[Work instruction]
If a line of the data below holds the string "moreover", copy it.

[Records contained in a dataset]
::::

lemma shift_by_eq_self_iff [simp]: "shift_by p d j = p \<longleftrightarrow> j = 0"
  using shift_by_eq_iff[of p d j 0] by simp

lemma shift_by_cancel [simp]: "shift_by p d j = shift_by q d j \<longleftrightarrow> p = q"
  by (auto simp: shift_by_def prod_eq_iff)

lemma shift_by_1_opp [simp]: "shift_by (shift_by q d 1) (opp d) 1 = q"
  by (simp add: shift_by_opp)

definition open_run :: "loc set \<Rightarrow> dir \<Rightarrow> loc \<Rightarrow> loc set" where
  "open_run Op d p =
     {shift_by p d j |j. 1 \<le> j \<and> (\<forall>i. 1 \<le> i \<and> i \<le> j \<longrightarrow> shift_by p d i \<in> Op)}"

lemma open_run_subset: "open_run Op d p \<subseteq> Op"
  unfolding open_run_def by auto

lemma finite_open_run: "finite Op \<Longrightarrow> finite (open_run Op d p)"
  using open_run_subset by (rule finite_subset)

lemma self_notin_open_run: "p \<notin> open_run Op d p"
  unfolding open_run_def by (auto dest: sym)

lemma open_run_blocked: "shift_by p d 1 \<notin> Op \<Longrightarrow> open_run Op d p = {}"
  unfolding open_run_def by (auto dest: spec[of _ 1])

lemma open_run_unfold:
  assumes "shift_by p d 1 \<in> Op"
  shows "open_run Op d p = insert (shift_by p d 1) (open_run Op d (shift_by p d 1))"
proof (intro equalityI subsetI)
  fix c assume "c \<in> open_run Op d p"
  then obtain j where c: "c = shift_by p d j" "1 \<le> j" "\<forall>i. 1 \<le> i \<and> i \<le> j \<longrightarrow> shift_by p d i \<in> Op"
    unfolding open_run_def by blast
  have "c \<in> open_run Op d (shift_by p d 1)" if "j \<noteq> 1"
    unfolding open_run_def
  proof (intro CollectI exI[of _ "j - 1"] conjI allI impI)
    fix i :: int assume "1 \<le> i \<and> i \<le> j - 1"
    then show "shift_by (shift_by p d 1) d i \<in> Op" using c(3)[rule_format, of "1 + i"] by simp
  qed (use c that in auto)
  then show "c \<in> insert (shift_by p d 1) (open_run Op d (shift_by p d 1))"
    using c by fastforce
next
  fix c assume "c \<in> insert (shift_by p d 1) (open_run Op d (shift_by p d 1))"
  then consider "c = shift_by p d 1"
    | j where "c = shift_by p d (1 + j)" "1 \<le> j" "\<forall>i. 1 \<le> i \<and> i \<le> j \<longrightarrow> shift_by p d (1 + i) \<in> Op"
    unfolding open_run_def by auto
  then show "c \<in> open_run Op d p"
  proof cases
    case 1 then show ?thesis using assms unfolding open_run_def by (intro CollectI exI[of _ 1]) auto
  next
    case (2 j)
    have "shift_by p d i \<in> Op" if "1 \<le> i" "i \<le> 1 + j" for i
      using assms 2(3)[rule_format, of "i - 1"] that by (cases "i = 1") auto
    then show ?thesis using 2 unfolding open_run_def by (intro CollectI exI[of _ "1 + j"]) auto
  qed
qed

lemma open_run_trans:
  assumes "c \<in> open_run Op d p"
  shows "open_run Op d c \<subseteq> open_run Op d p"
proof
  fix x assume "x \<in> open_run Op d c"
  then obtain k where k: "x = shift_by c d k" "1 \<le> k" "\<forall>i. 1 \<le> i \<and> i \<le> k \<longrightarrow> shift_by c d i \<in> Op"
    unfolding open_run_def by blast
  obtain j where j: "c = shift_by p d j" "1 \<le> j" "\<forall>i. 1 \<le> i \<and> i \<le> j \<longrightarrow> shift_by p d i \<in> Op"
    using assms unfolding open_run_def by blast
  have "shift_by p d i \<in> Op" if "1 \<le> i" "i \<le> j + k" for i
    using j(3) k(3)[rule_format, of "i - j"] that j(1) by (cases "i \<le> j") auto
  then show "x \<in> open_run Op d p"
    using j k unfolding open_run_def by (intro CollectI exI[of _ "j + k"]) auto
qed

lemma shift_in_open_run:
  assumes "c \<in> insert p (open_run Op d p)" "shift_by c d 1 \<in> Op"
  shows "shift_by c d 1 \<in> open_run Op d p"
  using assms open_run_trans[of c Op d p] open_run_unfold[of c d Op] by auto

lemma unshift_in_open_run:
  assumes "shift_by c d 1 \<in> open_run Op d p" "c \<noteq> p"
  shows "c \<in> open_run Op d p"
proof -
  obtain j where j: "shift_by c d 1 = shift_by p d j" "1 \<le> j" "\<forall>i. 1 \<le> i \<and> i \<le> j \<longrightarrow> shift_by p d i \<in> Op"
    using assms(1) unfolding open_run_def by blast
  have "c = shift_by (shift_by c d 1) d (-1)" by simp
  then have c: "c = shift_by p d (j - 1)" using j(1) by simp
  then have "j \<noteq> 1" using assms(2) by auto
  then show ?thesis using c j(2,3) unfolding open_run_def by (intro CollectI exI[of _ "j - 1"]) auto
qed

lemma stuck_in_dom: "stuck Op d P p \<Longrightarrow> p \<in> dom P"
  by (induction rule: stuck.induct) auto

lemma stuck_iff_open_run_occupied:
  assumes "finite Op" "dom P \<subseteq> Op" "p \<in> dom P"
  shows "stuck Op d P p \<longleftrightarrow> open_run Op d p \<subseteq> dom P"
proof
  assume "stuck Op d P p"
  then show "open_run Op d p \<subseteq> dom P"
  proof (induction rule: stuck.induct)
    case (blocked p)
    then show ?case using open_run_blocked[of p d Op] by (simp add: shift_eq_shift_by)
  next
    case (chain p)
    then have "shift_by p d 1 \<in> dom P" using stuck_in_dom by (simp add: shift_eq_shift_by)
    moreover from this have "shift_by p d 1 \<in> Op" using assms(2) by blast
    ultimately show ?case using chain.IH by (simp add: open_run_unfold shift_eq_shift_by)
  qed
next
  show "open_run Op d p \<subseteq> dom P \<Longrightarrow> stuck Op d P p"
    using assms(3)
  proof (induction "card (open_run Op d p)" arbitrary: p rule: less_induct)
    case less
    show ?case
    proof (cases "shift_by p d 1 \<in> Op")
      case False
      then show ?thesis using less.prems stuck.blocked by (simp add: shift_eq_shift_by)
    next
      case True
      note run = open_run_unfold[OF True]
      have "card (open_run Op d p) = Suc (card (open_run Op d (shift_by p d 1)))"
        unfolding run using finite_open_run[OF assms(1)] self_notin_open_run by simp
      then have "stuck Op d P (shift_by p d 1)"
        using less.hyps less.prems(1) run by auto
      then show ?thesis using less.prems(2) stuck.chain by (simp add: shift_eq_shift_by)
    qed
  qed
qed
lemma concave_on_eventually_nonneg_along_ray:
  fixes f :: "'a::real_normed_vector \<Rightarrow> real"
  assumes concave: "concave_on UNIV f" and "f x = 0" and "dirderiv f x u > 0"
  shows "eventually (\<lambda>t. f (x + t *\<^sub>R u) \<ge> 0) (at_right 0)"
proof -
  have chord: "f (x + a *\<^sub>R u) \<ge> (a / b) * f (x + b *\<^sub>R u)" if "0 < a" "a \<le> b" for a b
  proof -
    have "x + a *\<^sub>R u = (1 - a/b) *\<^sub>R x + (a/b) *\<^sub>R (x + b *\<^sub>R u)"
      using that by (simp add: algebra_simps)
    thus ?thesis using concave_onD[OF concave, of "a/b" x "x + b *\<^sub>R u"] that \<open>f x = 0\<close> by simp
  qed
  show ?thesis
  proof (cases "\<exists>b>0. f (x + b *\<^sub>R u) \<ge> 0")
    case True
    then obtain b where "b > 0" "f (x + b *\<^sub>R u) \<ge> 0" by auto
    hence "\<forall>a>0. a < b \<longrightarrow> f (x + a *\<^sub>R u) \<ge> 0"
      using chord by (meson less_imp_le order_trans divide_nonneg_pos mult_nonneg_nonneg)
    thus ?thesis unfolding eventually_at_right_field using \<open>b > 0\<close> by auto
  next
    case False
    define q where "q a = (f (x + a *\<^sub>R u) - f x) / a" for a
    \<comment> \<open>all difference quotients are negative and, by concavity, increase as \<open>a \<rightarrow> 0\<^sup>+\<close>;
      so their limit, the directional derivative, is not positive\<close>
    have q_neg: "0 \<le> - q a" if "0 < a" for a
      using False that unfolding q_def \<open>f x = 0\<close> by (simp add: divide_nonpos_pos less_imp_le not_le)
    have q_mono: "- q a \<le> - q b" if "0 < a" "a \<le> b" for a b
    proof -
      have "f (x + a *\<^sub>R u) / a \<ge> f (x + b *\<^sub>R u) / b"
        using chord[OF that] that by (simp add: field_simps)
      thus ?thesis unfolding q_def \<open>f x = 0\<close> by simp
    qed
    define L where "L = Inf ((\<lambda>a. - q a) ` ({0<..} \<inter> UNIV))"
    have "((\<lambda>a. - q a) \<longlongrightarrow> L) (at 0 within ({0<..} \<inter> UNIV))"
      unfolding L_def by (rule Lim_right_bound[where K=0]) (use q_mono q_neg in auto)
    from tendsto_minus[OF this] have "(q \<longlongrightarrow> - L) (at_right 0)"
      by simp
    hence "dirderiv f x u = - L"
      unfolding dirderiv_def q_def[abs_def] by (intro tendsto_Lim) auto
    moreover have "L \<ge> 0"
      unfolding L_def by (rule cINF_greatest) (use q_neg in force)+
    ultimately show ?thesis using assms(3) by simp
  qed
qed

::::

[Response below]
    moreover from this have "shift_by p d 1 \<in> Op" using assms(2) by blast
    moreover have "L \<ge> 0"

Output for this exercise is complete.